• Thu. Apr 25th, 2024

A Pioneer of Nursing: Mary Seacole

In 1856 a series of letters and opinion pieces began to circle through the newspapers of England. They were to act as a call to action for British citizens, but more specifically, veterans of the recent Crimean war.

This was not a call to fight. This was a call to help. The papers asked if Britain had really forgotten one of their greatest in her time of need.

 Were they really going to abandon a woman who had driven herself to bankruptcy tending to soldiers during the war? Someone who had risked her life setting up a small business behind enemy lines and gotten into more than one argument with Florence Nightingale on her methods.

In her time of need, how could they forget Mary Seacole?

Mary Jane Seacole was born Mary Jane Grant in British held Kingston, Jamaica in 1805. Her mother was a Jamaican hotel owner, her father a Scottish soldier in the British army. Her mother was trained in traditional Jamaican folk medicine, and Mary grew up watching her mother work. Her mother’s emphasis on good hygiene and traditional herbal medicine would stick with Seacole.
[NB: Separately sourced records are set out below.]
lemma card_V_le_two:
  assumes "max_degree_le V E 1"
  shows "card V \<le> 2"
proof -
  obtain c where c: "c \<in> V" and centroid: "\<And>w. w \<in> nbrs c \<Longrightarrow> card (branch c w) \<le> card V div 2"
    using centroid_exists by blast
  have "card V = 1 + (\<Sum>w\<in>nbrs c. card (branch c w))"
    using card_branch[OF c, of c] branch_self[OF c] children_self by simp
  also have "\<dots> \<le> 1 + card (nbrs c) * (card V div 2)"
    using sum_bounded_above[of "nbrs c" "\<lambda>w. card (branch c w)"] centroid by simp
  also have "\<dots> \<le> 1 + card V div 2"
    using card_nbrs_le[OF assms c] by simp
  finally show ?thesis
    by linarith
qed

lemma balanced_split:
  assumes deg: "max_degree_le V E D" and "2 \<le> D" and large: "4 * (D + 1) ^ (4 * D) + 4 \<le> card V"
  shows "\<exists>M VS ES VF EF.
    matching M \<and> M \<subseteq> E \<and> tree VS ES \<and> subgraph VS ES V E \<and>
    forest VF EF \<and> subgraph VF EF V E \<and>
    M \<union> ES \<union> EF = E \<and> M \<inter> ES = {} \<and> M \<inter> EF = {} \<and> ES \<inter> EF = {} \<and>
    VS \<inter> VF = {} \<and>
    (\<forall>e\<in>M. card (e \<inter> VS) = 1 \<and> card (e \<inter> VF) = 1) \<and>
    card VS \<le> card V div 2 \<and>
    (\<forall>v\<in>VF. card (component VF EF v) \<le> card V div 2) \<and>
    same_bip_class V E (\<Union>M \<inter> VS) \<and>
    min_subtree_card VS ES (\<Union>M \<inter> VS) \<le> D ^ (4 * D + 1)"
proof -
  obtain c where c: "c \<in> V" and centroid: "\<And>w. w \<in> nbrs c \<Longrightarrow> card (branch c w) \<le> card V div 2"
    using centroid_exists by blast
  obtain col where col: "\<And>x y. {x, y} \<in> E \<Longrightarrow> col x \<noteq> col y" "\<not> col c"
    using two_colouring[OF c] by blast
  obtain l where L: "4 * D = Suc l"
    using \<open>2 \<le> D\<close> by (cases "4 * D") auto
  define S where "S = tree_part (4 * D) False c c"
  define F where "F = forest_part (4 * D) False c c"
  define M where "M = matching_part (4 * D) False c c"
  define ES where "ES = {e \<in> E. e \<subseteq> S}"
  define EF where "EF = {e \<in> E. e \<subseteq> F}"
  note split = root_split_partition[OF c, of "4 * D" False, folded S_def F_def M_def, folded ES_def EF_def]
  have "S \<subseteq> V" "F \<subseteq> V"
    using split(1) by blast+
  have "tree S ES"
    unfolding ES_def S_def using c by (rule tree_tree_part)
  have "subgraph S ES V E"
    unfolding ES_def using ugraph \<open>S \<subseteq> V\<close> by (rule subgraph_induced)
  have "forest F EF"
    unfolding EF_def using forest \<open>F \<subseteq> V\<close> by (rule forest_induced)
  have "subgraph F EF V E"
    unfolding EF_def using ugraph \<open>F \<subseteq> V\<close> by (rule subgraph_induced)
  have "matching M"
    unfolding M_def using c by (rule matching_part_is_matching)
  have "card S \<le> card V div 2"
    unfolding S_def using card_tree_part_root_le_half[OF deg \<open>2 \<le> D\<close> c large] .
  have "\<forall>x\<in>F. card (component F EF x) \<le> card V div 2"
    unfolding F_def EF_def using card_component_forest_part_root_le[OF c centroid] by blast
  have "col c = False"
    using col(2) by simp
  note matched = matched_tree_part_vertex[where col = col, OF c col(1) this, of _ "4 * D" c,
      folded M_def S_def]
  have "same_bip_class V E (\<Union>M \<inter> S)"
    unfolding same_bip_class_def using col(1) matched(2) by blast
  have "min_subtree_card S ES (\<Union>M \<inter> S) \<le> card (core_part (4 * D) False c c)"
    using min_subtree_card_tree_part_le[OF c, of "\<Union>M \<inter> S" l False c] matched(1)
    unfolding ES_def S_def L by blast
  also have "\<dots> \<le> D ^ (4 * D + 1)"
    using card_core_part_root_le[OF deg \<open>2 \<le> D\<close> c] by simp
  finally have "min_subtree_card S ES (\<Union>M \<inter> S) \<le> D ^ (4 * D + 1)" .
  with split(2-) show ?thesis
    using \<open>matching M\<close> \<open>tree S ES\<close> \<open>subgraph S ES V E\<close> \<open>forest F EF\<close>
      \<open>subgraph F EF V E\<close> \<open>card S \<le> card V div 2\<close> \<open>\<forall>x\<in>F. card (component F EF x) \<le> card V div 2\<close>
      \<open>same_bip_class V E (\<Union>M \<inter> S)\<close>
    by - (rule exI[of _ M], rule exI[of _ S], rule exI[of _ ES], rule exI[of _ F],
      rule exI[of _ EF], intro conjI; assumption)
qed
In 1821 at the age of 16 Seacole was given the chance to leave Kingston for London. One of her relatives had offered to take care of her while she visited. In London she would acquire her love of trade, that would carry with her for the rest of her life. One year after her initial visit, she would return to London with a shipment of pickles and preserves from home to sell to a London society eager for exotic goods.

She would use those funds to set up a small trading business throughout the Caribbean.

In 1826, Seacole returned home to Jamaica to take care of her elderly mother and help manage the family business. There at Blundell Hall, Seacole would get firsthand experience tending to the sick, and occasionally those at the nearby army hospital.

Mary Seacole in sixty seconds. (Source: YouTube/The Telegraph)

She caused a small stir in 1836 by marrying Edwin Seacole, a white man. Mary had always seen herself as a British citizen above all else and took great pride in both her Scottish and Jamaican heritage. Often referring to herself as a creole

Disaster struck in 1843 when a fire burning through Kingston destroyed Blunden Hall. Soon her husband fell ill and died, shortly after her mother died as well.

Not one to be defeated though, she quickly turned to the management and building of her New Blundell Hall, built on the site of the old. She became widely respected, especially after her attempts to help with the cholera epidemic of 1850.

Soon though, Seacole’s mind turned to travel again. Her brother had established a hotel in Panama, and in 1851 she left her hotel with a trusted attendant and went to join him.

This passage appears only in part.